Promoter-luciferase reporter, EMSA, and ChIP assays reveal the presence of functional hypoxia responsive elements (HREs) in rat Bmp4 gene promoter. (A) Diagram illustrating the sequence of wild-type rat Bmp4 promoter (WT) and Bmp4 promoter with a 4-bp deletion in HRE1 (dHRE1) or HRE2 (dHRE2). (B and C) Rat PASMCs were transfected with renilla luciferase reporter plasmids and firefly luciferease vectors pGL3-Enhancer (control), pGL3-Enhancer with wild-type Bmp4 promoter (WT), or pGL3-Enhancer with Bmp4 promoter containing a deletion in HRE1 (dHRE1) or HRE2 (dHRE2). The transfected cells were exposed to normoxia (Nor) or hypoxia (Hyp, 4% O2) for 24 h (B), or infected with AdCA5 or AdLacZ for 24 h (C), firefly luciferase activity was determined, normalized to renilla luciferase activity, and presented as percentage of that in Nor or AdLacZ groups. Bar values are mean ± SEM, n = 3 for each group; *P < 0.05 vs. respective control, and **P < 0.001 vs.
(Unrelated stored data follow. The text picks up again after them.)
lemma linear_encode: "Vector_Spaces.linear (*s) (*s) encode"
proof -
  have "encode (x + y) = encode x + encode y" for x y
  proof -
    have "($) (x + y) = (\<lambda>i. x $ i + y $ i)"
      by (rule ext) simp
    then show ?thesis
      by (simp add: encode_def interp_def lagrange_interp_add eval_vec_add)
  qed
  moreover have "encode (c *s x) = c *s encode x" for c x
  proof -
    have "($) (c *s x) = (\<lambda>i. c * x $ i)"
      by (rule ext) simp
    then show ?thesis
      by (simp add: encode_def interp_def lagrange_interp_smult eval_vec_smult)
  qed
  ultimately show ?thesis
    by (simp add: Vector_Spaces.linear_iff vec.vector_space_axioms)
qed

lemma sum_eval_eq_neg_sum_logical:
  assumes "degree p \<le> CARD('a) - 2"
  shows "(\<Sum>i\<in>UNIV. poly p (\<alpha> i)) = - (\<Sum>j\<in>UNIV. poly p (\<sigma> j))"
  using sum_UNIV_split[of "poly p"] sum_UNIV_poly_eq_0[OF assms] by (simp add: eq_neg_iff_add_eq_0)

lemma vanishing_code_subset_dual: "vanishing_code \<subseteq> dual_code (rs_code (CARD('a) - 2 - m))"
proof (intro subsetI, unfold dual_code_def, intro CollectI ballI)
  fix u w assume "u \<in> vanishing_code" "w \<in> rs_code (CARD('a) - 2 - m)"
  then obtain p q where p: "degree p \<le> m" "\<forall>j. poly p (\<sigma> j) = 0" "u = eval_vec \<alpha> p"
    and q: "degree q \<le> CARD('a) - 2 - m" "w = eval_vec \<alpha> q"
    unfolding vanishing_code_def rs_code_def by blast
  have "degree (p * q) \<le> CARD('a) - 2"
    using degree_mult_le[of p q] p(1) q(1) degree_bound by linarith
  then have "(\<Sum>i\<in>UNIV. poly (p * q) (\<alpha> i)) = - (\<Sum>j\<in>UNIV. poly (p * q) (\<sigma> j))"
    by (rule sum_eval_eq_neg_sum_logical)
  also have "\<dots> = 0"
    using p(2) by simp
  finally have "(\<Sum>i\<in>UNIV. poly (p * q) (\<alpha> i)) = 0" .
  then show "bil u w = 0"
    by (simp add: bil_def p(3) q(2))
qed

lemma exists_poly_extending_by_zero:
  "\<exists>g. degree g \<le> CARD('a) - 1 \<and> (\<forall>i. poly g (\<alpha> i) = v $ i) \<and> (\<forall>j. poly g (\<sigma> j) = 0)"
proof -
  let ?g = "lagrange_interp (case_sum \<alpha> \<sigma>) (case_sum (($) v) (\<lambda>_. 0))"
  have "degree ?g \<le> CARD('n + 'k) - 1"
    by (rule degree_lagrange_interp)
  moreover have "CARD('n + 'k) = CARD('a)"
    using card_points by (simp add: card_UNIV_sum)
  moreover have "poly ?g (case_sum \<alpha> \<sigma> s) = case_sum (($) v) (\<lambda>_. 0) s" for s
    by (rule poly_lagrange_interp[OF bij_is_inj[OF bij_points]])
  ultimately show ?thesis
    by (metis sum.case)
qed
(* Consider an inter-class orthogonal main effect plan on $n$ runs whose factors are partitioned into $k$ classes, the $i$-th class consisting of factors $F_{i,1},\dots,F_{i,m_i}$, with every level of every factor occurring. Fix a class $i$ and $j\in\{1,\dots,m_i\}$. Then: (a) $X_{i,j}'(I-P_{\mathrm{all}\setminus(i,j)})X_{i,j}=X_{i,j}'(I-P^i_{\bar j})X_{i,j}$ and $X_{i,j}'(I-P_{\mathrm{all}\setminus(i,j)})Y=X_{i,j}'(I-P^i_{\bar j})Y$; that is, the reduced normal equation for $\alpha^{ij}$ (after eliminating all other factors and the general mean) coincides with $C^i_{j;\bar j}\widehat{\alpha^{ij}}=Q^i_{j;\bar j}$, where $C^i_{j;\bar j}=X_{i,j}'(I-P^i_{\bar j})X_{i,j}$ and $Q^i_{j;\bar j}=X_{i,j}'(I-P^i_{\bar j})Y$, obtained by eliminating only the other factors of class $i$ and the general mean. (b) $SS_{(i,j);\mathrm{all}}=SS^i_{j;\mathrm{all}}$ and $SS_{(i,j);\mathrm{all}>}=SS^i_{j;\mathrm{all}>}$. (c) $SS_E=SS_{tot}-\sum_{i=1}^kSS^i_{total}$, where $SS^i_{total}=\sum_{j=1}^{m_i}SS^i_{j;\mathrm{all}>}$.
   Context: Model: $Y=\mathbf 1_n\mu+\sum_{i,j}X_{i,j}\alpha^{ij}+\epsilon$ with uncorrelated homoscedastic errors, where $X_{i,j}$ is the 0-1 design matrix of $F_{i,j}$ ($(u,t)$ entry $1$ iff $F_{i,j}$ is at level $t$ in run $u$). Two factors $A,B$ are orthogonal if $n_{AB}(s,t)=r_A(s)r_B(t)/n$ for all levels $s,t$ (incidence counts and replications); the plan is inter-class orthogonal if any two factors in different classes are orthogonal. $P_M$ denotes the orthogonal projector onto the column space of the matrix $M$. For a set $\mathcal S$ of factors, $P_{\mathcal S}$ is the projector onto the column space of $[\mathbf 1_n, X_F : F\in\mathcal S]$ (the general mean is always included). For a factor $F$ with design matrix $X_F$ not in $\mathcal S$, the sum of squares of $F$ adjusted for $\mathcal S$ is $SS_{F;\mathcal S}=Y'(I-P_{\mathcal S})X_F[X_F'(I-P_{\mathcal S})X_F]^-X_F'(I-P_{\mathcal S})Y$. Notation: $P_{\mathrm{all}\setminus(i,j)}$ uses all factors other than $F_{i,j}$; $P^i_{\bar j}$ uses the factors $F_{i,l}$, $l\neq j$ (of class $i$ only). Order all factors lexicographically: $F_{1,1},\dots,F_{1,m_1},F_{2,1},\dots,F_{k,m_k}$. $SS_{(i,j);\mathrm{all}}$ = SS of $F_{i,j}$ adjusted for all other factors; $SS_{(i,j);\mathrm{all}>}$ = SS of $F_{i,j}$ adjusted for all factors after it in this global order; $SS^i_{j;\mathrm{all}}$ = SS of $F_{i,j}$ adjusted for $F_{i,l}$, $l\neq j$; $SS^i_{j;\mathrm{all}>}$ = SS of $F_{i,j}$ adjusted for $F_{i,j+1},\dots,F_{i,m_i}$ (for $j=m_i$, adjusted for the general mean only). $SS_{tot}=\sum_uY_u^2-(\sum_uY_u)^2/n$; $SS_E$ is the residual sum of squares of the full model. *)

theory Defs
  imports "HOL-Analysis.Analysis"
begin
text \<open>The ratio \<open>\<sigma>\<^sub>n = |w\<^sub>n| / (R |z\<^sub>n|\<^sup>a)\<close> satisfies \<open>\<sigma>\<^sub>n\<^sub>+\<^sub>1 \<ge> \<sigma>\<^sub>n\<^sup>d\<close>, so it tends
  to infinity.\<close>

lemma A_f_eventually_fiber_dominant:
  fixes p :: "complex poly"
  assumes d2: "d \<ge> 2" and R0: "R > 0"
    and W_inv: "skew p c ` W_R R a \<subseteq> W_R R a" and W_esc: "W_R R a \<subseteq> escape_set p \<times> UNIV"
    and A: "(z, w) \<in> A_f p c R a"
  shows "eventually (\<lambda>n. K * cmod ((poly p ^^ n) z) powr a \<le> cmod (Qiter p c n z w)) sequentially"
proof -
  define zs where "zs n = (poly p ^^ n) z" for n
  define ws where "ws n = Qiter p c n z w" for n
  define \<sigma> where "\<sigma> n = cmod (ws n) / (R * cmod (zs n) powr a)" for n
  have "eventually (\<lambda>n. (zs n, ws n) \<in> W_R R a \<and> lower_norm + 1 \<le> cmod (zs n)) sequentially"
    using A_f_eventually_W_R[OF W_inv A] escape_set_eventually_norm_ge[OF A_f_escape[OF W_inv W_esc A]]
    unfolding zs_def ws_def by (rule eventually_conj)
  then obtain N where N: "\<And>n. N \<le> n \<Longrightarrow> (zs n, ws n) \<in> W_R R a \<and> lower_norm + 1 \<le> cmod (zs n)"
    by (auto simp: eventually_sequentially)
  have den: "0 < R * cmod (zs n) powr a" if "N \<le> n" for n
    using N[OF that] R0 by (intro mult_pos_pos) (auto simp: W_R_def)
  have "\<sigma> n ^ d \<le> \<sigma> (Suc n)" if "N \<le> n" for n
  proof -
    have "R * cmod (zs (Suc n)) powr a * \<sigma> n ^ d \<le> cmod (ws (Suc n))"
      using qeval_ratio_bound_in_W_R[OF R0 W_inv _ poly_reciprocal_0_nonzero] N[OF that]
      by (simp add: \<sigma>_def zs_def ws_def)
    then show ?thesis
      using den[of "Suc n"] that by (simp add: \<sigma>_def pos_le_divide_eq mult.commute)
  qed
  moreover have "1 < \<sigma> N"
    using N[of N] den[of N] by (simp add: \<sigma>_def W_R_def)
  ultimately have "filterlim \<sigma> at_top sequentially"
    using power_recursion_at_top[OF d2] by blast
  then have "eventually (\<lambda>n. K / R \<le> \<sigma> n \<and> N \<le> n) sequentially"
    by (simp add: filterlim_at_top eventually_conj eventually_ge_at_top)
  then show ?thesis
  proof (rule eventually_mono)
    fix n assume n: "K / R \<le> \<sigma> n \<and> N \<le> n"
    then have "K / R * (R * cmod (zs n) powr a) \<le> cmod (ws n)"
      using den[of n] by (simp add: \<sigma>_def pos_le_divide_eq)
    then show "K * cmod ((poly p ^^ n) z) powr a \<le> cmod (Qiter p c n z w)"
      using R0 by (simp add: zs_def ws_def)
  qed
qed

lemma A_f_Green_at_top:
  fixes p :: "complex poly"
  assumes d2: "d \<ge> 2" and p_deg: "degree p = d" and p_monic: "lead_coeff p = 1"
    and R0: "R > 0"
    and W_inv: "skew p c ` W_R R a \<subseteq> W_R R a" and W_esc: "W_R R a \<subseteq> escape_set p \<times> UNIV"
    and A: "(z, w) \<in> A_f p c R a"
  shows "filterlim (\<lambda>n. logplus (cmod (Qiter p c n z w)) / real d ^ n) at_top sequentially"
proof -
  define zs where "zs n = (poly p ^^ n) z" for n
  define ws where "ws n = Qiter p c n z w" for n
  obtain Z where Z: "Z \<ge> 2"
    "\<And>u. Z \<le> cmod u \<Longrightarrow> \<bar>ln (cmod (poly p u)) - real d * ln (cmod u)\<bar> \<le> ln 2"
    using monic_poly_log_growth[OF p_deg p_monic] d2 by (metis one_le_numeral order_trans)
  have "eventually (\<lambda>n. max (4 * lower_norm + 1) (max Z 3) \<le> cmod (zs n)
      \<and> (4 * lower_norm + 1) * cmod (zs n) powr a \<le> cmod (ws n)) sequentially"
    using escape_set_eventually_norm_ge[OF A_f_escape[OF W_inv W_esc A]]
      A_f_eventually_fiber_dominant[OF d2 R0 W_inv W_esc A]
    unfolding zs_def ws_def by (rule eventually_conj)
  then obtain N where N: "\<And>n. N \<le> n \<Longrightarrow> 4 * lower_norm + 1 \<le> cmod (zs n) \<and> Z \<le> cmod (zs n)
      \<and> 3 \<le> cmod (zs n) \<and> (4 * lower_norm + 1) * cmod (zs n) powr a \<le> cmod (ws n)"
    by (auto simp: eventually_sequentially)
  define l where "l n = ln (cmod (zs n)) - ln 2" for n
  define L where "L n = ln (cmod (ws n))" for n
  have l_rec: "real d * l n \<le> l (Suc n)" if "N \<le> n" for n
  proof -
    have "real d * ln (cmod (zs n)) - ln 2 \<le> ln (cmod (zs (Suc n)))"
      using Z(2)[of "zs n"] N[OF that] by (auto simp: zs_def)
    moreover have "2 * ln 2 \<le> real d * ln 2"
      using d2 by (intro mult_right_mono) auto
    ultimately show ?thesis
      unfolding l_def right_diff_distrib by linarith
  qed
  have L_rec: "real d * L n + l n \<le> L (Suc n)" if "N \<le> n" for n
    using ln_qeval_lower_bound[of "zs n" "ws n"] N[OF that]
    by (simp add: l_def L_def zs_def ws_def algebra_simps)
  have "2 < cmod (zs N)"
    using N[of N] by linarith
  then have "ln 2 < ln (cmod (zs N))"
    by (subst ln_less_cancel_iff) auto
  then have "0 < l N"
    by (simp add: l_def)
  then have "filterlim (\<lambda>n. L n / real d ^ n) at_top sequentially"
    using d2 l_rec L_rec by (intro divide_power_at_top_of_recursion[of "real d" l N]) auto
  moreover have "L n / real d ^ n \<le> logplus (cmod (ws n)) / real d ^ n" for n
    by (intro divide_right_mono) (auto simp: L_def logplus_def)
  ultimately show ?thesis
    unfolding ws_def by (auto elim!: filterlim_at_top_mono intro: always_eventually)
qed

end

theorem theorem6p3:
  fixes p :: "complex poly" and c :: "nat \<Rightarrow> nat \<Rightarrow> complex"
    and d \<gamma> :: nat and R :: real
  assumes d2: "d \<ge> 2"
    and p_deg: "degree p = d" and p_monic: "lead_coeff p = 1"
    and c_fin: "finite {(i,j). c i j \<noteq> 0}"
    and c_degw: "\<forall>i j. d < j \<longrightarrow> c i j = 0"
    and b_monic: "c \<gamma> d = 1" and b_deg: "\<forall>i. \<gamma> < i \<longrightarrow> c i d = 0"
    and gamma1: "\<gamma> \<ge> 1"
    and lower_nonempty: "{(i,j). c i j \<noteq> 0 \<and> j < d} \<noteq> {}"
    and alpha_pos: "alpha c d \<gamma> > 0"
    and R1: "R > 1"
    and W_inv: "skew p c ` W_R R (alpha c d \<gamma>) \<subseteq> W_R R (alpha c d \<gamma>)"
    and W_esc: "W_R R (alpha c d \<gamma>) \<subseteq> escape_set p \<times> UNIV"
  shows "(\<forall>(z,w)\<in>A_f p c R (alpha c d \<gamma>).
            filterlim (\<lambda>n. logplus (cmod (Qiter p c n z w)) / real d ^ n) at_top sequentially)
       \<and> (\<forall>(z,w)\<in>B_f p c R (alpha c d \<gamma>).
            limsup (\<lambda>n. ereal (logplus (cmod (Qiter p c n z w)) / real d ^ n))
              \<le> ereal (alpha c d \<gamma> * Green_p p d z))"
proof -
  \<comment> \<open>\<open>alpha\<close> is only used as an upper bound (\<open>Max_ge\<close>).\<close>
  interpret fiber_polynomial c d \<gamma> "alpha c d \<gamma>"
  proof
    have "finite {(i,j). c i j \<noteq> 0 \<and> j < d}"
      by (rule finite_subset[OF _ c_fin]) auto
    then show "(real i - real \<gamma>) / (real d - real j) \<le> alpha c d \<gamma>" if "c i j \<noteq> 0" "j < d" for i j
      unfolding alpha_def using that by (intro Max_ge finite_imageI) force+
  qed (use c_fin c_degw b_monic b_deg gamma1 in auto)
  show ?thesis
    using A_f_Green_at_top[OF d2 p_deg p_monic _ W_inv W_esc]
      B_f_limsup_le[OF d2 p_deg p_monic R1] alpha_pos R1
    by auto
qed

end
text \<open>With s the side of 1 on which u0 lies, U = 1 + s y solves U' = heteroclinic_slope q U
  iff the distance y solves y' = - h y for the field h below.\<close>

lemma decay_field_heteroclinic_distance:
  fixes q u0 :: real
  assumes "1 \<le> q" "0 < u0" "u0 \<noteq> 1"
  defines "s \<equiv> if 1 < u0 then 1 else - 1"
  shows "decay_field (\<lambda>y. - s * heteroclinic_slope q (1 + s * y)) (max u0 1) \<bar>u0 - 1\<bar>
    (sqrt (2 / q) * q * min u0 1 powr (q - 1) / max u0 1 powr (q / 2))
    (sqrt (2 / q) * q * max u0 1 powr (q - 1) / min u0 1 powr (q / 2))"
    (is "decay_field ?h ?M ?y0 ?a ?b")
proof
  have factor: "- s * heteroclinic_slope q (1 + s * y) = y * k"
    if "heteroclinic_slope q (1 + s * y) = (1 - (1 + s * y)) * k" for y k
    using that by (simp add: s_def algebra_simps)
  show "0 < ?y0" "?y0 < ?M"
    using assms by auto
  show "0 < ?a"
    using assms by simp
  have base_pos: "0 < 1 + s * y" if "0 < y" "y < ?M" for y
    using that assms by (auto simp: s_def)
  then show "continuous_on {0<..<?M} ?h"
    unfolding heteroclinic_slope_def by (intro continuous_intros) (fastforce dest: base_pos)+
  show "0 < ?h y" if y: "0 < y" "y < ?M" for y
  proof -
    let ?lo = "min 1 (1 + s * y)" and ?hi = "max 1 (1 + s * y)"
    obtain k where k: "heteroclinic_slope q (1 + s * y) = (1 - (1 + s * y)) * k"
      and lower: "sqrt (2 / q) * q * ?lo powr (q - 1) / ?hi powr (q / 2) \<le> k"
      using heteroclinic_slope_factor[of q ?lo ?hi "1 + s * y"] assms base_pos[OF y] by auto
    have "0 < sqrt (2 / q) * q * ?lo powr (q - 1) / ?hi powr (q / 2)"
      using assms base_pos[OF y] by simp
    with lower have "0 < k"
      by linarith
    then show ?thesis
      unfolding factor[OF k] using y by simp
  qed
  show "?a * y \<le> ?h y \<and> ?h y \<le> ?b * y" if "0 < y" "y \<le> ?y0" for y
  proof -
    have "min u0 1 \<le> 1 + s * y" "1 + s * y \<le> max u0 1"
      using that by (auto simp: s_def)
    then obtain k where k: "heteroclinic_slope q (1 + s * y) = (1 - (1 + s * y)) * k"
      and "?a \<le> k" "k \<le> ?b"
      using heteroclinic_slope_factor[of q "min u0 1" "max u0 1" "1 + s * y"] assms by auto
    then have "?a * y \<le> y * k" "y * k \<le> ?b * y"
      using \<open>0 < y\<close> by (metis less_imp_le mult.commute mult_right_mono)+
    then show ?thesis
      unfolding factor[OF k] by blast
  qed
qed

lemma heteroclinic_solution_exists:
  fixes q u0 :: real
  assumes "1 \<le> q" "0 < u0"
  obtains U a C D where "0 < a" "U 0 = u0"
    "\<And>x. 0 \<le> x \<Longrightarrow> 0 < U x \<and> (U has_real_derivative heteroclinic_slope q (U x)) (at x)"
    "\<And>x. 0 \<le> x \<Longrightarrow> \<bar>U x - 1\<bar> \<le> C * exp (- a * x) \<and> \<bar>heteroclinic_slope q (U x)\<bar> \<le> D * exp (- a * x)"
proof (cases "u0 = 1")
  case True
  then show ?thesis
    using that[of 1 "\<lambda>_. 1" 0 0] by (simp add: heteroclinic_slope_def)
next
  case False
  define s :: real where "s = (if 1 < u0 then 1 else - 1)"
  define h where "h y = - s * heteroclinic_slope q (1 + s * y)" for y
  define a where "a = sqrt (2 / q) * q * min u0 1 powr (q - 1) / max u0 1 powr (q / 2)"
  define b where "b = sqrt (2 / q) * q * max u0 1 powr (q - 1) / min u0 1 powr (q / 2)"
  interpret decay_field h "max u0 1" "\<bar>u0 - 1\<bar>" a b
    unfolding h_def s_def a_def b_def by (rule decay_field_heteroclinic_distance[OF assms False])
  obtain Y where "Y 0 = \<bar>u0 - 1\<bar>" and Y: "\<And>x. 0 \<le> x \<Longrightarrow> 0 < Y x
      \<and> Y x \<le> \<bar>u0 - 1\<bar> * exp (- a * x) \<and> h (Y x) \<le> b * Y x \<and> (Y has_real_derivative - h (Y x)) (at x)"
    using decaying_solution by blast
  have slope: "heteroclinic_slope q (1 + s * y) = - s * h y" for y
    by (simp add: h_def s_def)
  show ?thesis
  proof (rule that[of a "\<lambda>x. 1 + s * Y x" "\<bar>u0 - 1\<bar>" "b * \<bar>u0 - 1\<bar>"])
    show "0 < a" "1 + s * Y 0 = u0"
      using a_pos \<open>Y 0 = \<bar>u0 - 1\<bar>\<close> by (auto simp: s_def)
    fix x :: real
    assume "0 \<le> x"
    note Yx = Y[OF this]
    have "exp (- a * x) \<le> 1"
      using a_pos \<open>0 \<le> x\<close> by simp
    then have "Y x \<le> \<bar>u0 - 1\<bar>"
      using Yx mult_left_le[of "exp (- a * x)" "\<bar>u0 - 1\<bar>"] by linarith
    then have "0 < 1 + s * Y x" "0 < h (Y x)"
      using Yx positive[of "Y x"] y0_less by (auto simp: s_def)
    have "((\<lambda>x. 1 + s * Y x) has_real_derivative s * - h (Y x)) (at x)"
      using Yx by (auto intro!: derivative_eq_intros)
    with \<open>0 < 1 + s * Y x\<close> show "0 < 1 + s * Y x
        \<and> ((\<lambda>x. 1 + s * Y x) has_real_derivative heteroclinic_slope q (1 + s * Y x)) (at x)"
      by (simp add: slope)
    have "h (Y x) \<le> b * Y x"
      using Yx by blast
    also have "\<dots> \<le> b * (\<bar>u0 - 1\<bar> * exp (- a * x))"
      using Yx b_pos by (intro mult_left_mono) auto
    finally have "h (Y x) \<le> b * \<bar>u0 - 1\<bar> * exp (- a * x)"
      by (simp add: mult.assoc)
    with Yx \<open>0 < h (Y x)\<close> show "\<bar>1 + s * Y x - 1\<bar> \<le> \<bar>u0 - 1\<bar> * exp (- a * x)
        \<and> \<bar>heteroclinic_slope q (1 + s * Y x)\<bar> \<le> b * \<bar>u0 - 1\<bar> * exp (- a * x)"
      unfolding slope by (auto simp: s_def)
  qed
qed

theorem proposition4p2:
  fixes n :: nat and q u0 :: real
  assumes "n \<ge> 3"
    and "q = 2 * real n / (real n - 2)"
    and "u0 > 0"
  shows "\<exists>U U' :: real \<Rightarrow> real.
           (\<forall>x\<ge>0. U x > 0
              \<and> (U has_real_derivative U' x) (at x within {0..})
              \<and> (U' has_real_derivative (U x powr (q - 1) - U x powr (- q - 1))) (at x within {0..}))
         \<and> U 0 = u0
         \<and> (U \<longlongrightarrow> 1) at_top
         \<and> converges_rapidly U 1
         \<and> (\<forall>x\<ge>0. U' x = sqrt (2 / q) * (U x powr (- q / 2) - U x powr (q / 2)))
         \<and> (U' \<longlongrightarrow> 0) at_top
         \<and> converges_rapidly U' 0"
proof -
  have "0 < real n - 2"
    using assms(1) by simp
  then have "1 \<le> q"
    unfolding assms(2) by (simp add: field_simps)
  obtain U a C D where "0 < a" "U 0 = u0"
    and solves: "\<And>x. 0 \<le> x \<Longrightarrow> 0 < U x \<and> (U has_real_derivative heteroclinic_slope q (U x)) (at x)"
    and decay: "\<And>x. 0 \<le> x \<Longrightarrow> \<bar>U x - 1\<bar> \<le> C * exp (- a * x)
      \<and> \<bar>heteroclinic_slope q (U x)\<bar> \<le> D * exp (- a * x)"
    using heteroclinic_solution_exists[OF \<open>1 \<le> q\<close> \<open>u0 > 0\<close>] by metis
  define U' where "U' = (\<lambda>x. heteroclinic_slope q (U x))"
  have rapid: "converges_rapidly U 1" "converges_rapidly U' 0"
    using converges_rapidly_if_exp_bound[where f = U and L = 1 and C = C, OF \<open>0 < a\<close>]
      converges_rapidly_if_exp_bound[where f = U' and L = 0 and C = D, OF \<open>0 < a\<close>] decay
    unfolding U'_def by auto
  have "\<forall>x\<ge>0. U x > 0 \<and> (U has_real_derivative U' x) (at x within {0..})
      \<and> (U' has_real_derivative (U x powr (q - 1) - U x powr (- q - 1))) (at x within {0..})"
    using solves heteroclinic_slope_second_derivative[of q U] \<open>1 \<le> q\<close>
    by (auto simp: U'_def intro: has_field_derivative_at_within)
  moreover have "\<forall>x\<ge>0. U' x = sqrt (2 / q) * (U x powr (- q / 2) - U x powr (q / 2))"
    by (simp add: U'_def heteroclinic_slope_def)
  ultimately show ?thesis
    using \<open>U 0 = u0\<close> rapid converges_rapidly_imp_tendsto[OF rapid(1)]
      converges_rapidly_imp_tendsto[OF rapid(2)] by blast
qed

end
text \<open>The (unique, if it exists) sum in L(G), and scalar multiplication (tX)(s) = X(ts).\<close>

definition Lie_add :: "('g, 'm) monoid_scheme \<Rightarrow> 'g topology \<Rightarrow>
     (real \<Rightarrow> 'g) \<Rightarrow> (real \<Rightarrow> 'g) \<Rightarrow> (real \<Rightarrow> 'g)" where
  "Lie_add G TG X1 X2 = (THE X. X \<in> Lie_set G TG \<and> Lie_sum G TG X X1 X2)"

definition Lie_smult :: "real \<Rightarrow> (real \<Rightarrow> 'g) \<Rightarrow> (real \<Rightarrow> 'g)" where
  "Lie_smult t X = (\<lambda>s. X (t * s))"

definition topological_vector_space_type :: "'y::{real_vector, t2_space} itself \<Rightarrow> bool" where
  "topological_vector_space_type _ \<longleftrightarrow>
     continuous_on UNIV (\<lambda>(x::'y, y). x + y) \<and>
     continuous_on UNIV (\<lambda>(a::real, x::'y). a *\<^sub>R x)"

definition locally_convex_type :: "'y::{real_vector, t2_space} itself \<Rightarrow> bool" where
  "locally_convex_type _ \<longleftrightarrow>
     (\<forall>W::'y set. open W \<and> 0 \<in> W \<longrightarrow> (\<exists>U. open U \<and> convex U \<and> 0 \<in> U \<and> U \<subseteq> W))"

definition equicontinuous_family :: "('y::{real_vector, t2_space} \<Rightarrow> 'y) set \<Rightarrow> bool" where
  "equicontinuous_family F \<longleftrightarrow>
     (\<forall>W. open W \<and> 0 \<in> W \<longrightarrow> (\<exists>U. open U \<and> 0 \<in> U \<and> (\<forall>A\<in>F. A ` U \<subseteq> W)))"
WT. (D) Representative EMSA image from three independent experiments demonstrating the binding of nuclear proteins from hypoxic rat PASMCs (4% O2 for 60 h) to the HRE1 and HRE2 probes; the arrow indicates specific DNA- HIF-1α antibody complexes. (E and F) ChIP assay of specific binding of HIF-1α to HRE1 and HRE2 in rat PASMCs exposed to Nor or Hyp (4% O2) for 60 h. (E) Representative images of the PCR products of ChIP-enriched DNA fragments containing HRE1 (230 bp) and HRE2 (182 bp). PCR products amplified with total DNA from hypoxic PASMCs (Input) were utilized as positive control. (F) Sheared chromatin from Nor or Hyp exposed rat PASMCs was immunoprecipitated with HIF-1α mAb, and HRE1 and HRE2 sequences were quantified by real-time PCR and presented as fold to IgG control. Values are mean ± SEM, n = 3 for each group; *P < 0.05 vs. respective Nor.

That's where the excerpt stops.